As with the network visualisation, this output is interactive. To see the full functionality, open the interactive version.
As well as showing the number of tweets in each timestep, Figure 17 shows a list of prominent terms from each ‘peak period’ of activity. These peak periods, which are shaded dark blue, are automatically detected based on some simple criteria that the user can customise. The top terms are not simply those that occur most frequently in each peak period (at least not by default). Rather, they are selected according to their frequency as well as their uniqueness to the period. 13 In addition, they exclude terms that appear in every single timestep, and force the inclusion of at least one location and person or organisation.

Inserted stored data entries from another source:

theorem konig_edge_colouring:
  assumes "finite E"
    and "\<And>r. card {c. (r, c) \<in> E} \<le> k" and "\<And>c. card {r. (r, c) \<in> E} \<le> k"
  shows "\<exists>col. proper_edge_colouring E k col"
  using assms
proof (induction E rule: finite_induct)
  case empty
  then show ?case unfolding proper_edge_colouring_def by blast
next
  case (insert e E)
  obtain i j where e: "e = (i, j)" by fastforce
  have fin_row: "finite {c. (r, c) \<in> F}" if "finite F" for r and F :: "(nat \<times> nat) set"
    using finite_imageI[OF that, of snd] by (rule finite_subset[rotated]) force
  have fin_col: "finite {r. (r, c) \<in> F}" if "finite F" for c and F :: "(nat \<times> nat) set"
    using finite_imageI[OF that, of fst] by (rule finite_subset[rotated]) force
  have "card {c. (r, c) \<in> E} \<le> card {c. (r, c) \<in> insert e E}" for r
    by (rule card_mono) (use fin_row[of "insert e E"] insert.hyps(1) in auto)
  moreover have "card {r. (r, c) \<in> E} \<le> card {r. (r, c) \<in> insert e E}" for c
    by (rule card_mono) (use fin_col[of "insert e E"] insert.hyps(1) in auto)
  ultimately obtain col where col: "proper_edge_colouring E k col"
    using insert.IH insert.prems le_trans by blast
  have "{c. (i, c) \<in> insert e E} = insert j {c. (i, c) \<in> E}"
    and "j \<notin> {c. (i, c) \<in> E}" using e insert.hyps(2) by auto
  then have "card {c. (i, c) \<in> E} < k"
    using insert.prems(1)[of i] fin_row[OF insert.hyps(1), of i] by simp
  then obtain a where a: "a \<in> {1..k}" "a \<notin> col i ` {c. (i, c) \<in> E}"
    using missing_colour[OF fin_row[OF insert.hyps(1)]] by blast
  have "{r. (r, j) \<in> insert e E} = insert i {r. (r, j) \<in> E}"
    and "i \<notin> {r. (r, j) \<in> E}" using e insert.hyps(2) by auto
  then have "card {r. (r, j) \<in> E} < k"
    using insert.prems(2)[of j] fin_col[OF insert.hyps(1), of j] by simp
  then obtain b where b: "b \<in> {1..k}" "b \<notin> (\<lambda>r. col r j) ` {r. (r, j) \<in> E}"
    using missing_colour[OF fin_col[OF insert.hyps(1)]] by blast
  have "\<forall>c. (i, c) \<in> E \<longrightarrow> col i c \<noteq> a" and "\<forall>r. (r, j) \<in> E \<longrightarrow> col r j \<noteq> b"
    using a(2) b(2) by blast+
  then obtain col' where "proper_edge_colouring E k col'"
    and "\<forall>c. (i, c) \<in> E \<longrightarrow> col' i c \<noteq> a" and "\<forall>r. (r, j) \<in> E \<longrightarrow> col' r j \<noteq> a"
    by (rule kempe_swap[OF col a(1) b(1)])
  then show ?case using proper_edge_colouring_insert[OF _ a(1)] e by blast
qed

section \<open>Row and column weights of block matrices\<close>

lemma bmat_dims [simp]:
  "nr (ident n) = n" "nc (ident n) = n"
  "nr (transp M) = nc M" "nc (transp M) = nr M"
  "nr (kron M N) = nr M * nr N" "nc (kron M N) = nc M * nc N"
  "nr (hcat M N) = nr M" "nc (hcat M N) = nc M + nc N"
  "nr (vcat M N) = nr M + nr N" "nc (vcat M N) = nc M"
  by (simp_all add: ident_def transp_def kron_def hcat_def vcat_def)

lemma row_le_rmax: "i < nr M \<Longrightarrow> row_wt M i \<le> rmax M"
  unfolding rmax_def by simp

lemma col_le_cmax: "j < nc M \<Longrightarrow> col_wt M j \<le> cmax M"
  unfolding cmax_def by simp

lemma rmax_le_iff: "rmax M \<le> k \<longleftrightarrow> (\<forall>i < nr M. row_wt M i \<le> k)"
  unfolding rmax_def by auto

lemma rmax_attained:
  assumes "0 < nr M"
  obtains i where "i < nr M" and "row_wt M i = rmax M"
proof -
  have "rmax M \<in> insert 0 (row_wt M ` {..<nr M})"
    unfolding rmax_def by (rule Max_in) auto
  then show ?thesis
    using that row_le_rmax[of 0 M] assms by auto
qed

lemma rmax_eqI:
  assumes "\<And>i. i < nr M \<Longrightarrow> row_wt M i \<le> k" and "i < nr M" and "row_wt M i = k"
  shows "rmax M = k"
  using assms row_le_rmax[of i M] rmax_le_iff[of M k] by simp

lemma row_wt_transp [simp]: "row_wt (transp M) i = col_wt M i"
  and col_wt_transp [simp]: "col_wt (transp M) j = row_wt M j"
  unfolding row_wt_def col_wt_def transp_def by simp_all

lemma rmax_transp [simp]: "rmax (transp M) = cmax M"
  and cmax_transp [simp]: "cmax (transp M) = rmax M"
  unfolding rmax_def cmax_def by simp_all

lemma delta_transp [simp]: "delta (transp M) = delta M"
  unfolding delta_def by simp

lemma cmax_attained:
  assumes "0 < nc M"
  obtains j where "j < nc M" and "col_wt M j = cmax M"
  using rmax_attained[of "transp M"] assms by auto

lemma transp_ident [simp]: "transp (ident n) = ident n"
  unfolding transp_def ident_def by auto

lemma transp_kron: "transp (kron M N) = kron (transp M) (transp N)"
  unfolding transp_def kron_def by simp

lemma transp_hcat: "transp (hcat M N) = vcat (transp M) (transp N)"
  unfolding transp_def hcat_def vcat_def by simp

lemma transp_vcat: "transp (vcat M N) = hcat (transp M) (transp N)"
  unfolding transp_def hcat_def vcat_def by simp

lemma mult_add_less_mult: "a < p \<Longrightarrow> b < q \<Longrightarrow> a * q + b < p * q" for a b p q :: nat
proof -
  assume "a < p" "b < q"
  then have "a * q + b < (a + 1) * q" by simp
  also have "\<dots> \<le> p * q" using \<open>a < p\<close> by (intro mult_right_mono) auto
  finally show ?thesis .
qed

lemma card_divmod:
  fixes p q :: nat
  shows "card {x. x < p * q \<and> P (x div q) \<and> Q (x mod q)} = card {a. a < p \<and> P a} * card {b. b < q \<and> Q b}"
proof (cases "q = 0")
  case False
  let ?A = "{a. a < p \<and> P a}" and ?B = "{b. b < q \<and> Q b}"
  have "{x. x < p * q \<and> P (x div q) \<and> Q (x mod q)} = (\<lambda>(a, b). a * q + b) ` (?A \<times> ?B)"
  proof (intro set_eqI iffI)
    fix x assume "x \<in> {x. x < p * q \<and> P (x div q) \<and> Q (x mod q)}"
    then show "x \<in> (\<lambda>(a, b). a * q + b) ` (?A \<times> ?B)"
      using False by (intro image_eqI[of x _ "(x div q, x mod q)"]) (auto simp: less_mult_imp_div_less)
  qed (use mult_add_less_mult in auto)
  moreover have "inj_on (\<lambda>(a, b). a * q + b) (?A \<times> ?B)"
  proof (rule inj_onI, clarsimp)
    fix a b a' b' assume "a * q + b = a' * q + b'" and "b < q" "b' < q"
    then have "(a * q + b) div q = a'" "(a * q + b) mod q = b'" by simp_all
    moreover have "(a * q + b) div q = a" "(a * q + b) mod q = b" using \<open>b < q\<close> by simp_all
    ultimately show "a = a' \<and> b = b'" by simp
  qed
  ultimately show ?thesis by (simp add: card_image card_cartesian_product)
qed simp

lemma row_wt_kron: "row_wt (kron M N) i = row_wt M (i div nr N) * row_wt N (i mod nr N)"
  unfolding row_wt_def kron_def by (simp add: card_divmod)

lemma row_wt_ident: "i < n \<Longrightarrow> row_wt (ident n) i = 1"
  unfolding row_wt_def ident_def by (simp add: Collect_conj_eq)

lemma row_wt_hcat: "row_wt (hcat M N) i = row_wt M i + row_wt N i"
proof -
  let ?A = "{j. j < nc M \<and> ent M i j}" and ?B = "{j. j < nc N \<and> ent N i j}"
  have "{j. j < nc (hcat M N) \<and> ent (hcat M N) i j} = ?A \<union> (\<lambda>j. j + nc M) ` ?B"
    unfolding hcat_def by (auto simp: image_iff)
      (smt (verit) add_diff_inverse_nat add.commute less_diff_conv2 not_less)+
  moreover have "card (?A \<union> (\<lambda>j. j + nc M) ` ?B) = card ?A + card ?B"
    by (subst card_Un_disjoint) (auto simp: card_image)
  ultimately show ?thesis unfolding row_wt_def by simp
qed

lemma row_wt_vcat:
  "nc N = nc M \<Longrightarrow> row_wt (vcat M N) i = (if i < nr M then row_wt M i else row_wt N (i - nr M))"
  unfolding row_wt_def vcat_def by simp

The purpose of the annotations is to provide a rough idea of what is going on in each period of peak activity. In this case, the terms for the first peak period (the peak itself was Sunday, 6 September) suggest that protests were a major talking point. As well as the word protesters and the hashtag 14 #melbourneprotest, the list includes the juicy ngram, protest_turns_violent. These terms are all hyperlinked to representative tweets, so all we need to do to get further context is click on them. Clicking on protesters, for instance, gives us this tweet:
Anti-lockdown protesters defied police in Melbourne, prompting arrests, even as the state of Victoria continued its improvement in stemming new cases https://t.co/fg89OCNE5y pic.twitter.com/YWPllpGCtD
— Reuters (@Reuters) September 5, 2020
Also discussed during this period was modelling (specifically, that used by the Victorian Government to justify their lockdown measures), the Prime Minister (known by some as Scotty), and the federal health minister, Greg Hunt. Meanwhile, Colac is the name of a town that had the majority of active cases in Victoria at the time.

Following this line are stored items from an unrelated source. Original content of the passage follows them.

lemma orbit_limit_word_dense:
  "{0..1} \<subseteq> closure (range (\<lambda>n. (f_sigma k \<sigma> ^^ n) (binval_inf (limit_word P s))))"
proof (rule unit_interval_subset_closure[OF k_pos])
  fix v :: "bool list"
  obtain n where "prefix_of v ((subst_inf k \<sigma> ^^ n) (limit_word P s))"
    using limit_word_good_extension[of 0 "to_nat v"] by auto
  moreover have "binval_inf ((subst_inf k \<sigma> ^^ n) (limit_word P s))
      = (f_sigma k \<sigma> ^^ n) (binval_inf (limit_word P s))"
    using f_sigma_iter_binval_inf[OF erasing nondegenerate_iter_limit_word] by simp
  ultimately show "\<exists>X. prefix_of v X \<and> binval_inf X \<in> range (\<lambda>n. (f_sigma k \<sigma> ^^ n) (binval_inf (limit_word P s)))"
    by auto
qed

end

lemma stage_cong: "\<forall>i<j. s i = s' i \<Longrightarrow> stage P s j = stage P s' j"
  by (induction j) auto

lemma inj_binval_inf_limit_word:
  assumes "k dvd length P"
  shows "inj (\<lambda>s. binval_inf (limit_word P s))"
proof (rule injI)
  fix s s' assume eq: "binval_inf (limit_word P s) = binval_inf (limit_word P s')"
  have "limit_word P s = limit_word P s'"
    using binval_inf_inj[OF _ _ eq] nondegenerate_iter_limit_word[OF assms, of 0]
    by (simp add: nondegenerate_def)
  then have step: "s j = s' j" if "\<forall>i<j. s i = s' i" for j
    using limit_word_bit[OF assms, of s j] limit_word_bit[OF assms, of s' j] stage_cong[OF that] by simp
  have "s j = s' j" for j
    by (induction j rule: less_induct) (simp add: step)
  then show "s = s'" ..
qed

Protests were again a prominent topic in the second peak period, which occurred almost exactly a week after the first. Among the protest-related terms in this period are police_arrest and dragged_from_car. Unfortunately, but interestingly, the tweet that the workflow chose as evidence for this last term turns out to be from a suspended account.
Another prominent term from the second peak period is the hashtag #GiveDanTheBoot. This also appears in the third peak period — which again is centred around a weekend — along with several others, including #DanMustGo, and #IstandWithDan. There are even tagged ngrams constructed out of hashtags, which is a result of these hashtags being frequently paired together.
The density of Dan-related hashtags in this third list suggests that the activity in this third period was qualitatively different from that of the first two periods. It appears that discussion of more substantive matters might have been getting crowded out by more purely political content. Indeed, the evidence tweet for #DanMustGo basically confirms that a hashtag war had broken out:
Shout out to the #DanMustGo whingers/bots/trolls/etc who haven't realised we stole their hashtag and now they're plugging our tweets. #DanMustGo on to become Prime Minister of Australia. #IStandWithDan #ThanksDan
— PRGuy (@PRGuy17) September 20, 2020
(Incidentally, if you followed the earlier section about the network visualisation, you’ll recognise @PRGuy17 as the central figure in the main left-leaning cluster of users.)
Half a dozen words and names is not much upon which to form an impression of several thousand tweets posted across several days. To allow a fuller and more nuanced characerisation of activity over time, the visualisation (in its interactive form) provides popup information summarising each timestep. Here is an example:
These popups provide similar information to those in the network visualisation: separate lists of prominent terms and names used in tweets (these have been filtered less agressively than the annotation lists, hence the presence of ubiquitous hashtags such as #victorialockdown), top terms from user profiles, and the most popular tweet from the timestep. Unfortunately, these lists are not clickable, becuase Plotly (the R package that produces the visualisation) only allows the popup text to display while your cursor is over the relevant bar.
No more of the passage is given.